Do you see anything in the optimisation report that stands out as interesting?

In this case, it seems that we need to give the compiler a hint as to how to proceed. It did not vectorise the inner loop because it couldn’t prove that it was safe to do so. However, we know it is safe, so I’ve added some annotations to the relevant loop. Instead of having

for (p = 0; p < TILESIZE; p++) {
  c[j_*ldc + i_] += apack[i*TILESIZE + p] * bpack[j*TILESIZE + p];
}

I use OpenMP pragma annotations to instruct the compiler to vectorise the loop

double c_ = 0;
#pragma omp simd reduction (+: c_)
for (p = 0; p < TILESIZE; p++) {
  c_ += apack[i*TILESIZE + p] * bpack[j*TILESIZE + p];
}
c[j_*ldc + i_] += c_;

Exercise

Try compiling again, this time adding -DSIMD_REDUCTION to the compile line (and changing the output file for the optimisation report to simd-reduction.txt

Question

Look at the new optimisation report and see what the compiler reports this time.

Did it manage to vectorise the loop?

Exercise

Benchmark this new version of the TILEDPACKED variant using the same set of matrix sizes as before.

Question

Do you observe any change in the performance?

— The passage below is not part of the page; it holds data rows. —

text \<open>Koszul factorization of one row (a | b): basis e0 = False (even), e1 = True (odd),
  D e0 = b e1, D e1 = a e0.\<close>

definition koszul1 :: "R \<Rightarrow> R \<Rightarrow> bool \<Rightarrow> bool \<Rightarrow> R" where
  "koszul1 a b i j = (if \<not> i \<and> j then a else if i \<and> \<not> j then b else 0)"

definition tensD :: "('a \<Rightarrow> bool) \<Rightarrow> ('a \<Rightarrow> 'a \<Rightarrow> R) \<Rightarrow> ('b \<Rightarrow> 'b \<Rightarrow> R) \<Rightarrow> ('a \<times> 'b) \<Rightarrow> ('a \<times> 'b) \<Rightarrow> R" where
  "tensD p1 D1 D2 = (\<lambda>(i1, i2) (j1, j2).
      (if i2 = j2 then D1 i1 j1 else 0) +
      (if i1 = j1 then (if p1 j1 then - 1 else 1) * D2 i2 j2 else 0))"

definition tensPar :: "('a \<Rightarrow> bool) \<Rightarrow> ('b \<Rightarrow> bool) \<Rightarrow> ('a \<times> 'b) \<Rightarrow> bool" where
  "tensPar p1 p2 = (\<lambda>(i1, i2). p1 i1 \<noteq> p2 i2)"

definition idTens :: "('b \<Rightarrow> 'b \<Rightarrow> R) \<Rightarrow> ('a \<times> 'b) \<Rightarrow> ('a \<times> 'b) \<Rightarrow> R" where
  "idTens f = (\<lambda>(i1, i2) (j1, j2). if i1 = j1 then f i2 j2 else 0)"

text \<open>2x2 matrices, index False = 1st, True = 2nd.\<close>
definition mat2 :: "R \<Rightarrow> R \<Rightarrow> R \<Rightarrow> R \<Rightarrow> bool \<Rightarrow> bool \<Rightarrow> R" where
  "mat2 a b c d i j = (if \<not> i then (if \<not> j then a else b) else (if \<not> j then c else d))"

text \<open>Rank (2|2) factorization R^2 (odd) -P-> R^2 (even) -Q-> R^2 (odd);
  basis (parity, index), parity True = odd.\<close>
definition twoD :: "(bool \<Rightarrow> bool \<Rightarrow> R) \<Rightarrow> (bool \<Rightarrow> bool \<Rightarrow> R) \<Rightarrow> (bool \<times> bool) \<Rightarrow> (bool \<times> bool) \<Rightarrow> R" where
  "twoD P Q = (\<lambda>(si, i) (sj, j).
      if \<not> si \<and> sj then P i j else if si \<and> \<not> sj then Q i j else 0)"

definition evenOdd :: "(bool \<Rightarrow> bool \<Rightarrow> R) \<Rightarrow> (bool \<Rightarrow> bool \<Rightarrow> R) \<Rightarrow> (bool \<times> bool) \<Rightarrow> (bool \<times> bool) \<Rightarrow> R" where
  "evenOdd Ev Od = (\<lambda>(si, i) (sj, j). if si = sj then (if si then Od i j else Ev i j) else 0)"

text \<open>Images under phi_p of the generators of R_p.\<close>
definition "pp1 = X 2 + X 4"
definition "qq1 = X 3 + X 4"
definition "rr1 = X 1 + X 4"
definition "pp2 = Y 2 + Y 4"
definition "qq2 = Y 3 + Y 4"
definition "rr2 = Y 1 + Y 4"
definition CC :: "nat \<Rightarrow> R" where
  "CC N = wdd N [X 1, X 2, - X 3, X 4] + wdd N [X 1, - X 1, X 2, X 4]
          + wdd N [X 1, - X 1, - X 2, X 4]"

definition gparD :: "nat \<Rightarrow> (bool \<times> bool) \<Rightarrow> (bool \<times> bool) \<Rightarrow> R" where
  "gparD N = twoD
     (mat2 pp2 pp1 (qq2 * rr2 + qq1 * rr1 * CC N) (- (qq2 * rr1 + qq1 * rr2)))
     (mat2 (qq1 * rr2 + qq2 * rr1) pp1 (qq2 * rr2 + qq1 * rr1 * CC N) (- pp2))"

definition gvirD :: "nat \<Rightarrow> (bool \<times> bool) \<Rightarrow> (bool \<times> bool) \<Rightarrow> R" where
  "gvirD N = twoD
     (mat2 rr2 rr1 (pp2 * qq2 + pp1 * qq1 * CC N) (- (pp1 * qq2 + pp2 * qq1)))
     (mat2 (pp1 * qq2 + pp2 * qq1) rr1 (pp2 * qq2 + pp1 * qq1 * CC N) (- rr2))"

definition gPar :: "(bool \<times> bool) \<Rightarrow> bool" where "gPar = fst"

The effects of tiling on memopry movement #

As usual, this example is also annotated with likwid markers. We’ll use likwid-perfctr to measure the effect of loop tiling on the total data movement and measured arithmetic intensity for a large matrix. We’ll need to recompile with likwid enabled for this, so module load likwid/5.0.1 and recompile, adding -DLIKWID_PERFMON -llikwid to the compilation flags.

Exercise

Measure the memory and floating point performance for the three different variatnts using \(N = 3072\) using the MEM_DP group.

Question

What do you observe in terms of arithmetic intensity and the total volume of data moved from main memory?

Can you relate this to the simple model we set up in lectures?